⟨
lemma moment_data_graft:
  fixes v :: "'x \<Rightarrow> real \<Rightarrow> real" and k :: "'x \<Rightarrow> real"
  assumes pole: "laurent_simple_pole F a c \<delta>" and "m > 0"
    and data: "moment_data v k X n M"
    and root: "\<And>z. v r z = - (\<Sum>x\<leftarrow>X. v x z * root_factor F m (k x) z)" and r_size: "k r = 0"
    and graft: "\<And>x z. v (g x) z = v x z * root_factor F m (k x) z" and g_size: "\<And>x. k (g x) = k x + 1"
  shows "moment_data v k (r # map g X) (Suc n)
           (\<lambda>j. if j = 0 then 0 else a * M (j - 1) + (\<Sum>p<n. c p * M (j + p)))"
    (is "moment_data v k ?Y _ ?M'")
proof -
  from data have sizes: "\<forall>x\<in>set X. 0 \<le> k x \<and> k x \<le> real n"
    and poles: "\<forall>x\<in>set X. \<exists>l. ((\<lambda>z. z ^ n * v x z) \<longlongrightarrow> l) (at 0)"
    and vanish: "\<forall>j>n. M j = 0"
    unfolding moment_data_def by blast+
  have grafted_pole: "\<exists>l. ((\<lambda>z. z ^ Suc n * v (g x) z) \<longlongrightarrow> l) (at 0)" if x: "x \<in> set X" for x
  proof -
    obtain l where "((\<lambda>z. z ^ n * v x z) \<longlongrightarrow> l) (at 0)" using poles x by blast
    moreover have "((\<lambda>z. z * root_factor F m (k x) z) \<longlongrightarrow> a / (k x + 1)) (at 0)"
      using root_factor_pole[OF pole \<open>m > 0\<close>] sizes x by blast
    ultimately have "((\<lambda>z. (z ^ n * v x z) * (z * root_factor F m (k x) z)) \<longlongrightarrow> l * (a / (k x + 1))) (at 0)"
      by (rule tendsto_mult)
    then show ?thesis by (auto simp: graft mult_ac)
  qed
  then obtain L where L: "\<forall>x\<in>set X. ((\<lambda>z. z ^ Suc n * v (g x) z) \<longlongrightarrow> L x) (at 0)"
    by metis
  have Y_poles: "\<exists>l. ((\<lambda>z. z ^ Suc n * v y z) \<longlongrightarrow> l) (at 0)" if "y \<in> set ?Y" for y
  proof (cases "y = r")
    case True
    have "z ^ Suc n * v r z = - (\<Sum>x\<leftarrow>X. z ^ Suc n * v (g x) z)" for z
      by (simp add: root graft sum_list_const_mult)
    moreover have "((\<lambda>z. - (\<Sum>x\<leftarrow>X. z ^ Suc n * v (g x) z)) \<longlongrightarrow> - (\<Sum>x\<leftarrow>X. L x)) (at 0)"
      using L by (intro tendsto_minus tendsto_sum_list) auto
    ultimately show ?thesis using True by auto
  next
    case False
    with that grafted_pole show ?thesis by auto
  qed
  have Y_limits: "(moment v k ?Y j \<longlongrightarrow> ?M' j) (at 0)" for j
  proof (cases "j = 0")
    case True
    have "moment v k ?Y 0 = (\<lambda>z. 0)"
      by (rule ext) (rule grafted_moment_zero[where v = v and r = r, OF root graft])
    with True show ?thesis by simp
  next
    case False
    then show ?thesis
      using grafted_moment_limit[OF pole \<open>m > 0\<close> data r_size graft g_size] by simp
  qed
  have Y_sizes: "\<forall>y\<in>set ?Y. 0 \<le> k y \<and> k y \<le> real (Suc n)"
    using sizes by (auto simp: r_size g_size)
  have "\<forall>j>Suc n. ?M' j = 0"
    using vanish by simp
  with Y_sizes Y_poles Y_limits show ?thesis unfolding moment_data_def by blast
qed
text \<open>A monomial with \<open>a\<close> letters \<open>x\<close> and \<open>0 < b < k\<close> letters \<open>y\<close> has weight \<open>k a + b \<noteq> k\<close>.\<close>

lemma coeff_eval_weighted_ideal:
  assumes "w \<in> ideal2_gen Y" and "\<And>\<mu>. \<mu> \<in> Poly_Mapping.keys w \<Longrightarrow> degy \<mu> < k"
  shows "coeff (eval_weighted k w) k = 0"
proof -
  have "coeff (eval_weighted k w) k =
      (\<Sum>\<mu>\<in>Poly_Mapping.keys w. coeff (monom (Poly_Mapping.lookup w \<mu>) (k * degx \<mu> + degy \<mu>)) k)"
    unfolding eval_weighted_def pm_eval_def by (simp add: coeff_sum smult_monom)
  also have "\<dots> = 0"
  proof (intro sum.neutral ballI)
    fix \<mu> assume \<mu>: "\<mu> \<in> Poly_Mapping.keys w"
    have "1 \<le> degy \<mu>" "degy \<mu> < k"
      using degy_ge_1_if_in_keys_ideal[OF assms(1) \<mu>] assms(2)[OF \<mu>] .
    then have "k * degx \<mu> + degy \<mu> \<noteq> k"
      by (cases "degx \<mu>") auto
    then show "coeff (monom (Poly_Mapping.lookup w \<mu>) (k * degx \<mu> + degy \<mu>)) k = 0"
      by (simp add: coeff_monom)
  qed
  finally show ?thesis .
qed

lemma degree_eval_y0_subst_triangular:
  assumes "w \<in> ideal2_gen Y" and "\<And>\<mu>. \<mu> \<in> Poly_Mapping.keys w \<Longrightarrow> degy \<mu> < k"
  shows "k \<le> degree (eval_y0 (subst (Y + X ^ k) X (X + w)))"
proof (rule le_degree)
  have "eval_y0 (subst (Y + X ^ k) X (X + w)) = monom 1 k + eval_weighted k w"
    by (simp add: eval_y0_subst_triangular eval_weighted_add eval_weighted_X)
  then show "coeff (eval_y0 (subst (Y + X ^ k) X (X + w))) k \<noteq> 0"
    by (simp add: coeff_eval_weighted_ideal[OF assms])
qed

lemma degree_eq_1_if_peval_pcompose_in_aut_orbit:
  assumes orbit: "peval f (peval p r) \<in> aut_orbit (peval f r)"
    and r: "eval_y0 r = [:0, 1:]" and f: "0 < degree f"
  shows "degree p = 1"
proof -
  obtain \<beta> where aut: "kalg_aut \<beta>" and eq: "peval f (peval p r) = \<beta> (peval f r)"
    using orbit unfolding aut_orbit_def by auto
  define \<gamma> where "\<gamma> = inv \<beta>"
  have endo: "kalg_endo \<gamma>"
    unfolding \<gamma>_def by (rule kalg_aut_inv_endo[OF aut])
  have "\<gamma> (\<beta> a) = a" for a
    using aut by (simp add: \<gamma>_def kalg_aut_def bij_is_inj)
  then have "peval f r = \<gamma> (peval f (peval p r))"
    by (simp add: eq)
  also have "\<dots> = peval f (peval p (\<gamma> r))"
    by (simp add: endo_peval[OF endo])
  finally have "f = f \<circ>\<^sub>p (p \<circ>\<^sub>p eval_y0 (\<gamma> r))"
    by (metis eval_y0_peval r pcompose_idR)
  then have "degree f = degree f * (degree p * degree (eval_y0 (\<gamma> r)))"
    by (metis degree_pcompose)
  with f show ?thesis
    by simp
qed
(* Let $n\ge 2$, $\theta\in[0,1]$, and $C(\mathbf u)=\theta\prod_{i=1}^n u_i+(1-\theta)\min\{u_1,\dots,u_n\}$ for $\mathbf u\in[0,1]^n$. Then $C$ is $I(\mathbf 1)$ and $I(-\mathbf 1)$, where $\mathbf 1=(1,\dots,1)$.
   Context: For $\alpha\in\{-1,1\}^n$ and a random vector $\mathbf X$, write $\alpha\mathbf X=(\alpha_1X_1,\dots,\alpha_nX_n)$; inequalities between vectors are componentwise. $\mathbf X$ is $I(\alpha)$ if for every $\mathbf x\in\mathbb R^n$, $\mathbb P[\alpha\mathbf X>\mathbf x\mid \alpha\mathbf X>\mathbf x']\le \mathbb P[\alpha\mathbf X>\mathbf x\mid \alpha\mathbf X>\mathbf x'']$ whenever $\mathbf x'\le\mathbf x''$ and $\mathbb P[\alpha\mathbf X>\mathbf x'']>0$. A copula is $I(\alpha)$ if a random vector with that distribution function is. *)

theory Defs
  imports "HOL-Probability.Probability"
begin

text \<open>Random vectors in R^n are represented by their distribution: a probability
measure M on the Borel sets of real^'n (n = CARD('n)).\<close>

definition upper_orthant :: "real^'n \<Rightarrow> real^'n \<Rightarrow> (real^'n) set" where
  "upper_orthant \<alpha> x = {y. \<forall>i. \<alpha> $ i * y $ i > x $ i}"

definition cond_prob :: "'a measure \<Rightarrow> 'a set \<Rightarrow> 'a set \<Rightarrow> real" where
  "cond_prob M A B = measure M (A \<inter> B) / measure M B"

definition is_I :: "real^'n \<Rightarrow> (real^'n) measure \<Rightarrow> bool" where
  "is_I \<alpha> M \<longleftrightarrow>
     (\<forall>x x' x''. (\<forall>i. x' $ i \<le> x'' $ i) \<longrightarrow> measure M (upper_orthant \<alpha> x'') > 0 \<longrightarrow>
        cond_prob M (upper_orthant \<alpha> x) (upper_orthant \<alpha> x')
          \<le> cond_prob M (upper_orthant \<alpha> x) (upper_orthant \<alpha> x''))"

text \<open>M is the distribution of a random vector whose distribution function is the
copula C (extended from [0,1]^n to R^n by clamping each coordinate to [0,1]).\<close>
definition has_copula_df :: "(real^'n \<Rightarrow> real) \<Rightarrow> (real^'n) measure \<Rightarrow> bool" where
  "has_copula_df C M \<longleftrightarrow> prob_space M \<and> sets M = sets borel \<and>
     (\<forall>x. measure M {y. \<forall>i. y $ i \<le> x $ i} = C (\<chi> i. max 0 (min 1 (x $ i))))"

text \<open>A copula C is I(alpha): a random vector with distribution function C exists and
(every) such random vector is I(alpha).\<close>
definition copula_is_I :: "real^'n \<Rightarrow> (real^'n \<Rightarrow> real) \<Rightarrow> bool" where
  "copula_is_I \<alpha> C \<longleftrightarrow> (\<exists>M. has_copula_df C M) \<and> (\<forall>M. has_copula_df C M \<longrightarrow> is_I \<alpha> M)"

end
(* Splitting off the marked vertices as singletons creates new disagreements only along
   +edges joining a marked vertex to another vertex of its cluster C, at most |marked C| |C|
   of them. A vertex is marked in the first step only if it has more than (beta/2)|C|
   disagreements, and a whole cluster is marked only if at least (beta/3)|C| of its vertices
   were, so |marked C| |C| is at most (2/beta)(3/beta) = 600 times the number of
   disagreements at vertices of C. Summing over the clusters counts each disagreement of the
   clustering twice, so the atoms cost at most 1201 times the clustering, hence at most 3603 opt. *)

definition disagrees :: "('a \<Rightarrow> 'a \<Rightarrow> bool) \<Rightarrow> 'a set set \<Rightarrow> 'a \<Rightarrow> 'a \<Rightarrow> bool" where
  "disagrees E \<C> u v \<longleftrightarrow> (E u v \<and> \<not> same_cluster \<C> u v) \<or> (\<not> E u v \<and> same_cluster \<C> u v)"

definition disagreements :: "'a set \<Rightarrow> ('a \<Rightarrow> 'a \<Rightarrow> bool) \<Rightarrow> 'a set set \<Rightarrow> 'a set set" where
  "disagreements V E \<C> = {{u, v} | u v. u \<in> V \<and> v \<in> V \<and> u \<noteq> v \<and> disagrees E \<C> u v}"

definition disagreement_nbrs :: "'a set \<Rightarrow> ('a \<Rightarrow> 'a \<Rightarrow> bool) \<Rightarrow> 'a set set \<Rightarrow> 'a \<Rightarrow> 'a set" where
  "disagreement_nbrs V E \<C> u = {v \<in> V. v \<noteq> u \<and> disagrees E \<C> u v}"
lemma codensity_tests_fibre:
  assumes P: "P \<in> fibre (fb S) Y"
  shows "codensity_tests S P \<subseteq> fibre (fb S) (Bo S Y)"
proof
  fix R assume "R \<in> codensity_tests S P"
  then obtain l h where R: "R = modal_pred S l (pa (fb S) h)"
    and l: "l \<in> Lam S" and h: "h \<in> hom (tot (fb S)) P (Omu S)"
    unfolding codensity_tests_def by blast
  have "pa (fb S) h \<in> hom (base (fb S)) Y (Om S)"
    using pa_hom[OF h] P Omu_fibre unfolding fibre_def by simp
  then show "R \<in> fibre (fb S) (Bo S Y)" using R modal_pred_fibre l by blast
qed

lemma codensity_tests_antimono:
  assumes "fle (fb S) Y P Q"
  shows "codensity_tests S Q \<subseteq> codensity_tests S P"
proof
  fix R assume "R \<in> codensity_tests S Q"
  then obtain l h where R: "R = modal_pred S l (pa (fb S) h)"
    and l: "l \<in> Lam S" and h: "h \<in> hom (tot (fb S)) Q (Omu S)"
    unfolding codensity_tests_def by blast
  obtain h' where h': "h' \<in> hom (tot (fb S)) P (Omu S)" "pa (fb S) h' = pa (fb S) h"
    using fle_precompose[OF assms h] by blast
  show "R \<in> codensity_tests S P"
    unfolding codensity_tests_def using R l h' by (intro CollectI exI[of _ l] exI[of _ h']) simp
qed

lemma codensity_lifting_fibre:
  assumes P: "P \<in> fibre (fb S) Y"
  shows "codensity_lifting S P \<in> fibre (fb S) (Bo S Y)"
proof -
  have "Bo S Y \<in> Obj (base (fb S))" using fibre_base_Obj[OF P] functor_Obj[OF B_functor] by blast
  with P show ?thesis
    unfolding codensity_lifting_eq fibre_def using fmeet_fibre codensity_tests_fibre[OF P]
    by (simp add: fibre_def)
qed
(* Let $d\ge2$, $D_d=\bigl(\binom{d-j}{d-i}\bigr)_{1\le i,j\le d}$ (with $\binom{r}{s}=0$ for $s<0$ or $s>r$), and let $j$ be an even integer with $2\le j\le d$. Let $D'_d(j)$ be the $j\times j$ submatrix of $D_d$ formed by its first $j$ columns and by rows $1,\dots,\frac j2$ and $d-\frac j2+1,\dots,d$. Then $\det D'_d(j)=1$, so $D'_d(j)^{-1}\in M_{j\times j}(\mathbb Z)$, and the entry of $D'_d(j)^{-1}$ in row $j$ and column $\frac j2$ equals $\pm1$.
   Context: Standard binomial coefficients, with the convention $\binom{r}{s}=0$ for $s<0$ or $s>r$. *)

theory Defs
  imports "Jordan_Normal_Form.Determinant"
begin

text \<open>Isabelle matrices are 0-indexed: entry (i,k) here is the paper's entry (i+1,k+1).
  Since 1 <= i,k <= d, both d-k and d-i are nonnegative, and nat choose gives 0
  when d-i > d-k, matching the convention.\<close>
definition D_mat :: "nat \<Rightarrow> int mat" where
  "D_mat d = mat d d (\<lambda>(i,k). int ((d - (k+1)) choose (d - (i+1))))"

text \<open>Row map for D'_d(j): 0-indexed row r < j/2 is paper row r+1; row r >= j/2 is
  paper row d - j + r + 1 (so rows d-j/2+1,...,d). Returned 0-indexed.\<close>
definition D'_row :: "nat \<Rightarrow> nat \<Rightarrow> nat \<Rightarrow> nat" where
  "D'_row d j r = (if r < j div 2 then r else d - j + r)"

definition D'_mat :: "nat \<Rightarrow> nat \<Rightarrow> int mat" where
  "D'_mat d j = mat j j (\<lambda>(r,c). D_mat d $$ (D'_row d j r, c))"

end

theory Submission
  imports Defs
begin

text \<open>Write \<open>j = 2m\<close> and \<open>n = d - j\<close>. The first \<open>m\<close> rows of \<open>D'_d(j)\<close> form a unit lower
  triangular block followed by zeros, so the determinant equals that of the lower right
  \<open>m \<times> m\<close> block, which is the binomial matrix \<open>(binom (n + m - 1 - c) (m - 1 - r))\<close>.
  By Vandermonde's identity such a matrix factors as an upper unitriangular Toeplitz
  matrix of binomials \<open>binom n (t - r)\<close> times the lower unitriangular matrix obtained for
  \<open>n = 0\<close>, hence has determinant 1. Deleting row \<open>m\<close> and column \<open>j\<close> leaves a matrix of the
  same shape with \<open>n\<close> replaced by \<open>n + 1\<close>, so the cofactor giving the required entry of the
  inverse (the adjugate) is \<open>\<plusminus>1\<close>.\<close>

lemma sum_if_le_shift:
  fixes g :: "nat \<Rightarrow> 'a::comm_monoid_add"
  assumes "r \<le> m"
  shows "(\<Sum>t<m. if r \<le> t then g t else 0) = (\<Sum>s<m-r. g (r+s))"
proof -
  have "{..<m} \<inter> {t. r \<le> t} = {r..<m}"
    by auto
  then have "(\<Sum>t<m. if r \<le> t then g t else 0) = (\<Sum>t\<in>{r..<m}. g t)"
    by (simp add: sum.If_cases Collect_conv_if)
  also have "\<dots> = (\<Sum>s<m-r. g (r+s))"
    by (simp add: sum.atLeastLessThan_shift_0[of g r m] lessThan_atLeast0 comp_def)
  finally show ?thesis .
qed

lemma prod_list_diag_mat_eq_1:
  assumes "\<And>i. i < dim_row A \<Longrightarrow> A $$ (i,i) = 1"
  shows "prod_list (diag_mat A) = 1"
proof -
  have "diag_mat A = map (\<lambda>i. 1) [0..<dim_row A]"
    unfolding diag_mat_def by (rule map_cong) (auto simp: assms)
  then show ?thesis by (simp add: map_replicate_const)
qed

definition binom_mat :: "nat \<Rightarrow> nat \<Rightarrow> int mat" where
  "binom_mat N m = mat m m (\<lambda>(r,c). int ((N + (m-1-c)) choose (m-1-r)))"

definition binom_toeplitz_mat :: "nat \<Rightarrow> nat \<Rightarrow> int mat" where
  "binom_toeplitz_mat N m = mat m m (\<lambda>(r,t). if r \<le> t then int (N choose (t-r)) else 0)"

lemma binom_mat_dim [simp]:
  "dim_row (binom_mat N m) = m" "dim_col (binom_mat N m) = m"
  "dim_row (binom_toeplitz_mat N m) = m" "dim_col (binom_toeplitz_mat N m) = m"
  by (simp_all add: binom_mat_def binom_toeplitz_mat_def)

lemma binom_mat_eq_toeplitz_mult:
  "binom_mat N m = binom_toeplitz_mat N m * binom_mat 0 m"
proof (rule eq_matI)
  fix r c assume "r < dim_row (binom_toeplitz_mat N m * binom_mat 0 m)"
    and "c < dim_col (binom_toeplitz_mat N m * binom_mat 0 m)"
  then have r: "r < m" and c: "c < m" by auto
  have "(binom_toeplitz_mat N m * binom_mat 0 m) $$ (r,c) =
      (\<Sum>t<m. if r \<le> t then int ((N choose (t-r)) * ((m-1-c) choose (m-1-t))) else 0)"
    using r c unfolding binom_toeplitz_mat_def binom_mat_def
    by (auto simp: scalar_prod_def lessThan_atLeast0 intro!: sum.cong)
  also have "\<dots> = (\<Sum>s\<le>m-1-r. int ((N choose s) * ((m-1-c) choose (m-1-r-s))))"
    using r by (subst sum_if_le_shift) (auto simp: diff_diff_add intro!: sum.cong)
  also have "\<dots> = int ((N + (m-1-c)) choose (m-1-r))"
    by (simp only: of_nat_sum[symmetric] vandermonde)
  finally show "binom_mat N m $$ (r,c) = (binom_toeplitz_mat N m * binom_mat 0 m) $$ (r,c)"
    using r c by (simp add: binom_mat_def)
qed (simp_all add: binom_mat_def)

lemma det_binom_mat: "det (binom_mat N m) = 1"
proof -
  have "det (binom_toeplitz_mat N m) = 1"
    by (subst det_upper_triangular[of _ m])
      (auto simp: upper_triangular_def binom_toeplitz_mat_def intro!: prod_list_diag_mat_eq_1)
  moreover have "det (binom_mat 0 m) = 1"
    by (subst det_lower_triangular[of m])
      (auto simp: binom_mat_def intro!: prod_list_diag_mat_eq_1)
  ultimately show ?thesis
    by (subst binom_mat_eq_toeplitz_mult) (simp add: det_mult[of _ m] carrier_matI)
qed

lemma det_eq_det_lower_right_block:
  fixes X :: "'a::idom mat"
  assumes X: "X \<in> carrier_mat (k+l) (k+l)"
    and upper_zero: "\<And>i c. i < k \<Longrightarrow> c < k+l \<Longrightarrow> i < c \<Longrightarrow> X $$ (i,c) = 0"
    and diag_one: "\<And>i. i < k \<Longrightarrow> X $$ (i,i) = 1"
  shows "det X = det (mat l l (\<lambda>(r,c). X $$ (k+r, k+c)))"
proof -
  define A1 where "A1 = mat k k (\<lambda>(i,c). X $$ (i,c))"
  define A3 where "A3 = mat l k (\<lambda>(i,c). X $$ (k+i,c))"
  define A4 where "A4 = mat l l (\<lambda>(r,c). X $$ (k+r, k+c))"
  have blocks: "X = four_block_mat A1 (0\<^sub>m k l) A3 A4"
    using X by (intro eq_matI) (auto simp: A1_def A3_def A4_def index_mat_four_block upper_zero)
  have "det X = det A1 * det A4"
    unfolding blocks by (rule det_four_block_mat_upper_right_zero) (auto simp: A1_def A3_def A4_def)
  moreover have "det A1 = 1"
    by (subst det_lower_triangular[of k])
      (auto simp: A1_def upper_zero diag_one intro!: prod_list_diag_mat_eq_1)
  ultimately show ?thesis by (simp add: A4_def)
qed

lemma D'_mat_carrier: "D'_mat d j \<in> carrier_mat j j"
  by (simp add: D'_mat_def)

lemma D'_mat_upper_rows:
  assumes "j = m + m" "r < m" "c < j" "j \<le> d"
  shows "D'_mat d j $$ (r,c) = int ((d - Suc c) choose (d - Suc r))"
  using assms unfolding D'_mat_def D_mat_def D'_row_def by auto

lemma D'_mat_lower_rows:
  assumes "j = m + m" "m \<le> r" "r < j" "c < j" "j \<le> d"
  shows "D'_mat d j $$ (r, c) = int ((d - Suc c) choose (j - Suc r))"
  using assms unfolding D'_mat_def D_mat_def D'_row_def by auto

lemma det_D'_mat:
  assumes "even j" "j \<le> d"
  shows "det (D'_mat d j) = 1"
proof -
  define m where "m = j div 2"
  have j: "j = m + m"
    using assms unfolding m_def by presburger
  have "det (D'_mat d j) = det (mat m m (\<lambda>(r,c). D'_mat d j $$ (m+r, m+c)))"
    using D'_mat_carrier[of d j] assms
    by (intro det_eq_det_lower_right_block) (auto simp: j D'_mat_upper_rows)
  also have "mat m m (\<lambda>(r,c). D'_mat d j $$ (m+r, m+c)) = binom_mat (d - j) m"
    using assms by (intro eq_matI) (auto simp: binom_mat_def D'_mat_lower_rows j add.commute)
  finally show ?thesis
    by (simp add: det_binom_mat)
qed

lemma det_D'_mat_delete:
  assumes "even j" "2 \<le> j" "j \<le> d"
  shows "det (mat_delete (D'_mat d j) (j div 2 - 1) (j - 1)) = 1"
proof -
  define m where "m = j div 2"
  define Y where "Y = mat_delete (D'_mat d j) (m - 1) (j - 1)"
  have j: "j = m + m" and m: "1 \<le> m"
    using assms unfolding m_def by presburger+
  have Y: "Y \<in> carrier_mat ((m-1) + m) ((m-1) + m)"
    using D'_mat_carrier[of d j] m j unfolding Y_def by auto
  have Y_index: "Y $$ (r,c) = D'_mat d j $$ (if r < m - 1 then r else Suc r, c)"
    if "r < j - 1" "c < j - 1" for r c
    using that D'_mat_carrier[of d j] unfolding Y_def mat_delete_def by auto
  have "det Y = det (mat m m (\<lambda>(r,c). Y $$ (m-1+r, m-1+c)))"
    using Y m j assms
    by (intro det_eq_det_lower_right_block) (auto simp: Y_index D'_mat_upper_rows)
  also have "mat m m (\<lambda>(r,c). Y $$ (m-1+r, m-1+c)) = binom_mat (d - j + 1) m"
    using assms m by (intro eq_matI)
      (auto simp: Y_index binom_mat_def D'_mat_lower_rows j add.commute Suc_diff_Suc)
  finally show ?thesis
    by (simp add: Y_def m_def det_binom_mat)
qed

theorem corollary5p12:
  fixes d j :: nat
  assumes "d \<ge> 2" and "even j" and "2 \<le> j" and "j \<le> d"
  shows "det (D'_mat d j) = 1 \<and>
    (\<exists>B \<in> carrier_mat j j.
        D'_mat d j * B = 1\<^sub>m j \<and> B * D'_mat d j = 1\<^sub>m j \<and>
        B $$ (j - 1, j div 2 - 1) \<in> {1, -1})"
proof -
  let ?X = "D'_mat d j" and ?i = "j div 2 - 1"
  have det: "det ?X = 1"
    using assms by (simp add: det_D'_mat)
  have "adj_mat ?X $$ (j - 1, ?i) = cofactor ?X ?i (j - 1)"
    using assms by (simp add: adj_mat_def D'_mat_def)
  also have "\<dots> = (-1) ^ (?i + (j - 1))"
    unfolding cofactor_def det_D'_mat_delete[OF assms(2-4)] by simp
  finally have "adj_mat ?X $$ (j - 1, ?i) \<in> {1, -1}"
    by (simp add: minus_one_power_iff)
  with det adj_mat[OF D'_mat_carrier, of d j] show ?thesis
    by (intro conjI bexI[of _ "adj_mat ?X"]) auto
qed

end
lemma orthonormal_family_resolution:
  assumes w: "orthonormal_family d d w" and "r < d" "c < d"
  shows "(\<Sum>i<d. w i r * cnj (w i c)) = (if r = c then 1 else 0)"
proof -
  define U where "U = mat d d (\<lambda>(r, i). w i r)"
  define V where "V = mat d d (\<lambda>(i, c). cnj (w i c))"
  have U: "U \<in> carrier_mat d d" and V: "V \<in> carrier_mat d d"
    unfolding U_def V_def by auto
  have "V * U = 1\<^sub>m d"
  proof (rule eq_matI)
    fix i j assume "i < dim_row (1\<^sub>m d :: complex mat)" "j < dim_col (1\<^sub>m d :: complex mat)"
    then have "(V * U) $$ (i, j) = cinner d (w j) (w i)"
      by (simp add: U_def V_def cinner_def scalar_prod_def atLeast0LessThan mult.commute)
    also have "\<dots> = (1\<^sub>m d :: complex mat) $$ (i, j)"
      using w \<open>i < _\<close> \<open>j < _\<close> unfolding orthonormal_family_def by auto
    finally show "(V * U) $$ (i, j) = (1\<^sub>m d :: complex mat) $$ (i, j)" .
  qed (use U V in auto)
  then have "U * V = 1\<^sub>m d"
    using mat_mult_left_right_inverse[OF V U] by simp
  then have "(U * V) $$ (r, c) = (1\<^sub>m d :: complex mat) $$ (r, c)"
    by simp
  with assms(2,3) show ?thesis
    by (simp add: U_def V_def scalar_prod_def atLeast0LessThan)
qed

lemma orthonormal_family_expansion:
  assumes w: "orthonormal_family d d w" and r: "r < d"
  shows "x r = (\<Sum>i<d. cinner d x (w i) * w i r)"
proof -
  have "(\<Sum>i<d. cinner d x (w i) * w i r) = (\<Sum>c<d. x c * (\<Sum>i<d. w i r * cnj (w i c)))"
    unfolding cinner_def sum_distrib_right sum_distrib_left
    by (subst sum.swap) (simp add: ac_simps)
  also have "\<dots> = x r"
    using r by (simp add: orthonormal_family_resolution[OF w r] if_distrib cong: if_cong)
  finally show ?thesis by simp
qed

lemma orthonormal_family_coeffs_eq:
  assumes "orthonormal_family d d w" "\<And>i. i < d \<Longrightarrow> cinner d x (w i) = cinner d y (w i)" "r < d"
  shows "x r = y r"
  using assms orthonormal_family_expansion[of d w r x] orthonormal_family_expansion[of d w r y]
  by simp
⟩
What you are asked to do - Once you have counted every line above that contains the string "lookup", give that number and nothing more.

Solution to this task - 2